In the records below, find each line holding the word "auto" and copy it.

[Saved entries]
* * * * * * *

lemma bop_add_op:
  assumes la: "level a" and lb: "level b" and S: "bop a b S" and T: "bop a b T"
  shows "bop a b (\<lambda>x. S x + T x)" and "opn a b (\<lambda>x. S x + T x) \<le> opn a b S + opn a b T"
proof -
  have bound: "\<forall>x\<in>V b. nrm a (S x + T x) \<le> (opn a b S + opn a b T) * nrm b x"
    using nrm_triangle[OF la bop_in[OF S] bop_in[OF T]] opn_bound[OF la lb S] opn_bound[OF la lb T]
    by (fastforce simp: algebra_simps)
  show "bop a b (\<lambda>x. S x + T x)"
    by (rule bopI[OF lb _ _ _ bound])
      (use bop_in[OF S] bop_in[OF T] V_add[OF la] bop_add[OF S] bop_add[OF T]
         bop_scaleR[OF S] bop_scaleR[OF T] in \<open>auto simp: algebra_simps\<close>)
  show "opn a b (\<lambda>x. S x + T x) \<le> opn a b S + opn a b T"
    using opn_least[OF lb _ bound] opn_nonneg[OF la lb S] opn_nonneg[OF la lb T] by linarith
qed

lemma bop_diff_op:
  assumes la: "level a" and lb: "level b" and S: "bop a b S" and T: "bop a b T"
  shows "bop a b (\<lambda>x. S x - T x)" and "opn a b (\<lambda>x. S x - T x) \<le> opn a b S + opn a b T"
proof -
  have bound: "\<forall>x\<in>V b. nrm a (S x - T x) \<le> (opn a b S + opn a b T) * nrm b x"
    using nrm_diff_le[OF la bop_in[OF S] bop_in[OF T]] opn_bound[OF la lb S] opn_bound[OF la lb T]
    by (fastforce simp: algebra_simps)
  show "bop a b (\<lambda>x. S x - T x)"
    by (rule bopI[OF lb _ _ _ bound])
      (use bop_in[OF S] bop_in[OF T] V_diff[OF la] bop_add[OF S] bop_add[OF T]
         bop_scaleR[OF S] bop_scaleR[OF T] in \<open>auto simp: algebra_simps\<close>)
  show "opn a b (\<lambda>x. S x - T x) \<le> opn a b S + opn a b T"
    using opn_least[OF lb _ bound] opn_nonneg[OF la lb S] opn_nonneg[OF la lb T] by linarith
qed

lemma bop_scaleR_op:
  assumes la: "level a" and lb: "level b" and T: "bop a b T"
  shows "bop a b (\<lambda>x. c *\<^sub>R T x)" and "opn a b (\<lambda>x. c *\<^sub>R T x) \<le> \<bar>c\<bar> * opn a b T"
proof -
  have bound: "\<forall>x\<in>V b. nrm a (c *\<^sub>R T x) \<le> (\<bar>c\<bar> * opn a b T) * nrm b x"
    using nrm_scaleR[OF la bop_in[OF T]] opn_bound[OF la lb T]
    by (simp add: mult.assoc mult_left_mono)
  show "bop a b (\<lambda>x. c *\<^sub>R T x)"
    by (rule bopI[OF lb _ _ _ bound])
      (use bop_in[OF T] V_scaleR[OF la] bop_add[OF T] bop_scaleR[OF T]
         in \<open>auto simp: scaleR_add_right\<close>)
  show "opn a b (\<lambda>x. c *\<^sub>R T x) \<le> \<bar>c\<bar> * opn a b T"
    by (rule opn_least[OF lb mult_nonneg_nonneg[OF abs_ge_zero opn_nonneg[OF la lb T]] bound])
qed

lemma opn_add_le:
  assumes la: "level a" and lb: "level b" and S: "bop a b S" and T: "bop a b T"
    and "opn a b S \<le> X" "opn a b T \<le> Y" and eq: "\<And>x. x \<in> V b \<Longrightarrow> P x = S x + T x"
  shows "opn a b P \<le> X + Y"
proof -
  have "opn a b P = opn a b (\<lambda>x. S x + T x)" by (rule opn_cong) (rule eq)
  also have "\<dots> \<le> opn a b S + opn a b T" by (rule bop_add_op(2)[OF la lb S T])
  finally show ?thesis using assms(5,6) by simp
qed

lemma bop_diff3_op:
  assumes "level a" "level b" "bop a b A" "bop a b B" "bop a b C"
  shows "bop a b (\<lambda>x. A x - B x - C x)"
  using bop_diff_op(1)[OF assms(1,2) bop_diff_op(1)[OF assms(1-4)] assms(5)] .

lemma opn_sum2_le:
  assumes la: "level a" and lc: "level c" and ld: "level d" and lb: "level b"
    and S1: "bop a c S1" and T1: "bop c b T1" and S2: "bop a d S2" and T2: "bop d b T2"
    and "opn a c S1 \<le> X1" "opn c b T1 \<le> Y1" "opn a d S2 \<le> X2" "opn d b T2 \<le> Y2"
    and eq: "\<And>x. x \<in> V b \<Longrightarrow> P x = S1 (T1 x) + S2 (T2 x)"
  shows "opn a b P \<le> X1 * Y1 + X2 * Y2"
proof -
  have "opn a b P = opn a b (\<lambda>x. S1 (T1 x) + S2 (T2 x))" by (rule opn_cong) (rule eq)
  also have "\<dots> \<le> opn a b (\<lambda>x. S1 (T1 x)) + opn a b (\<lambda>x. S2 (T2 x))"
    by (rule bop_add_op(2)[OF la lb bop_comp(1)[OF la lc lb S1 T1] bop_comp(1)[OF la ld lb S2 T2]])
  also have "\<dots> \<le> X1 * Y1 + X2 * Y2"
    using opn_comp_le[OF la lc lb S1 T1] opn_comp_le[OF la ld lb S2 T2] assms(9-12) by (simp add: add_mono)
  finally show ?thesis .
qed

lemma opn_sum3_le:
  assumes la: "level a" and lc: "level c" and ld: "level d" and le: "level e" and lb: "level b"
    and S1: "bop a c S1" and T1: "bop c b T1" and S2: "bop a d S2" and T2: "bop d b T2"
    and S3: "bop a e S3" and T3: "bop e b T3"
    and "opn a c S1 \<le> X1" "opn c b T1 \<le> Y1" "opn a d S2 \<le> X2" "opn d b T2 \<le> Y2"
    and "opn a e S3 \<le> X3" "opn e b T3 \<le> Y3"
    and eq: "\<And>x. x \<in> V b \<Longrightarrow> P x = S1 (T1 x) + S2 (T2 x) + S3 (T3 x)"
  shows "opn a b P \<le> X1 * Y1 + X2 * Y2 + X3 * Y3"
proof -
  have "opn a b P = opn a b (\<lambda>x. (S1 (T1 x) + S2 (T2 x)) + S3 (T3 x))" by (rule opn_cong) (rule eq)
  also have "\<dots> \<le> opn a b (\<lambda>x. S1 (T1 x) + S2 (T2 x)) + opn a b (\<lambda>x. S3 (T3 x))"
    by (rule bop_add_op(2)[OF la lb bop_add_op(1)[OF la lb] bop_comp(1)[OF la le lb S3 T3]])
      (rule bop_comp(1)[OF la lc lb S1 T1], rule bop_comp(1)[OF la ld lb S2 T2])
  also have "\<dots> \<le> (X1 * Y1 + X2 * Y2) + X3 * Y3"
    by (rule add_mono[OF opn_sum2_le[OF la lc ld lb S1 T1 S2 T2 assms(12-15)]
          opn_comp_le[OF la le lb S3 T3 assms(16,17)]]) simp
  finally show ?thesis .
qed

end


type_synonym ('b, 'x) mfam = "'b \<Rightarrow> 'b list \<Rightarrow> 'x \<Rightarrow> 'x"

abbreviation nprod :: "'b::real_normed_vector list \<Rightarrow> real" where
  "nprod hs \<equiv> prod_list (map norm hs)"

lemma nprod_nonneg: "0 \<le> nprod hs"
  by (induction hs) auto

definition ct_order :: "real \<Rightarrow> nat" where
  "ct_order t = nat (\<lceil>t\<rceil> - 1)"

definition ct_exponent :: "real \<Rightarrow> real" where
  "ct_exponent t = t - real (ct_order t)"

lemma ct_order_le_1: "0 < t \<Longrightarrow> t \<le> 1 \<Longrightarrow> ct_order t = 0"
  unfolding ct_order_def by (simp add: ceiling_le_one)

lemma ct_exponent_le_1: "0 < t \<Longrightarrow> t \<le> 1 \<Longrightarrow> ct_exponent t = t"
  unfolding ct_exponent_def using ct_order_le_1 by simp

lemma ct_order_gt_1:
  assumes "1 < t"
  shows "ct_order t = Suc (ct_order (t - 1))"
proof -
  have "2 \<le> \<lceil>t\<rceil>" using assms by (metis ceiling_le_iff le_less_trans linorder_not_le of_int_1
        one_add_one of_int_add zle_add1_eq_le)
  moreover have "\<lceil>t - 1\<rceil> = \<lceil>t\<rceil> - 1" by (simp add: ceiling_diff_one)
  moreover have "2 \<le> nat \<lceil>t\<rceil>" using calculation(1) by (simp add: le_nat_iff)
  ultimately show ?thesis unfolding ct_order_def by (simp add: nat_diff_distrib')
qed

lemma ct_exponent_gt_1: "1 < t \<Longrightarrow> ct_exponent t = ct_exponent (t - 1)"
  unfolding ct_exponent_def using ct_order_gt_1 by simp

lemma le_0_if_le_eps_mult:
  fixes X K :: real
  assumes "0 \<le> K" and "\<And>e. 0 < e \<Longrightarrow> X \<le> e * K"
  shows "X \<le> 0"
proof (rule ccontr)
  assume "\<not> X \<le> 0"
  then have X: "0 < X" by simp
  show False
  proof (cases "K = 0")
    case True
    then show False using assms(2)[of 1] X by simp
  next
    case False
    then have K: "0 < K" using assms(1) by simp
    have "X \<le> (X / (2 * K)) * K" using assms(2)[of "X / (2 * K)"] X K by simp
    also have "\<dots> = X / 2" using K by simp
    finally show False using X by simp
  qed
qed

context scale_setting
begin

definition bop_fam :: "real \<Rightarrow> real \<Rightarrow> nat \<Rightarrow> ('b, 'x) mfam \<Rightarrow> bool" where
  "bop_fam a b m F \<longleftrightarrow> (\<forall>u\<in>U. \<forall>hs. length hs = m \<longrightarrow> bop a b (F u hs))"

definition mlin_fam :: "real \<Rightarrow> real \<Rightarrow> nat \<Rightarrow> ('b, 'x) mfam \<Rightarrow> bool" where
  "mlin_fam a b m F \<longleftrightarrow> bop_fam a b m F \<and>
     (\<forall>u\<in>U. \<forall>hs p c h h'. length hs = m \<and> p < m \<longrightarrow>
        (\<forall>x\<in>V b. F u (hs[p := c *\<^sub>R h + h']) x = c *\<^sub>R F u (hs[p := h]) x + F u (hs[p := h']) x)) \<and>
     (\<exists>C. \<forall>u\<in>U. \<forall>hs. length hs = m \<longrightarrow> opn a b (F u hs) \<le> C * nprod hs)"

definition fam_cont :: "real \<Rightarrow> real \<Rightarrow> nat \<Rightarrow> ('b, 'x) mfam \<Rightarrow> bool" where
  "fam_cont a b m F \<longleftrightarrow> (\<forall>u\<in>U. \<forall>e>0. \<exists>d>0. \<forall>v\<in>U. norm (v - u) < d \<longrightarrow>
      (\<forall>hs. length hs = m \<longrightarrow> opn a b (\<lambda>x. F v hs x - F u hs x) \<le> e * nprod hs))"

definition fam_holder :: "real \<Rightarrow> real \<Rightarrow> nat \<Rightarrow> real \<Rightarrow> ('b, 'x) mfam \<Rightarrow> bool" where
  "fam_holder a b m \<alpha> F \<longleftrightarrow> (\<exists>C. \<forall>u\<in>U. \<forall>v\<in>U. \<forall>hs. length hs = m \<longrightarrow>
      opn a b (\<lambda>x. F u hs x - F v hs x) \<le> C * norm (u - v) powr \<alpha> * nprod hs)"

* * * * * * *

• Solution for this problem
         bop_scaleR[OF S] bop_scaleR[OF T] in \<open>auto simp: algebra_simps\<close>)
         bop_scaleR[OF S] bop_scaleR[OF T] in \<open>auto simp: algebra_simps\<close>)
         in \<open>auto simp: scaleR_add_right\<close>)
  by (induction hs) auto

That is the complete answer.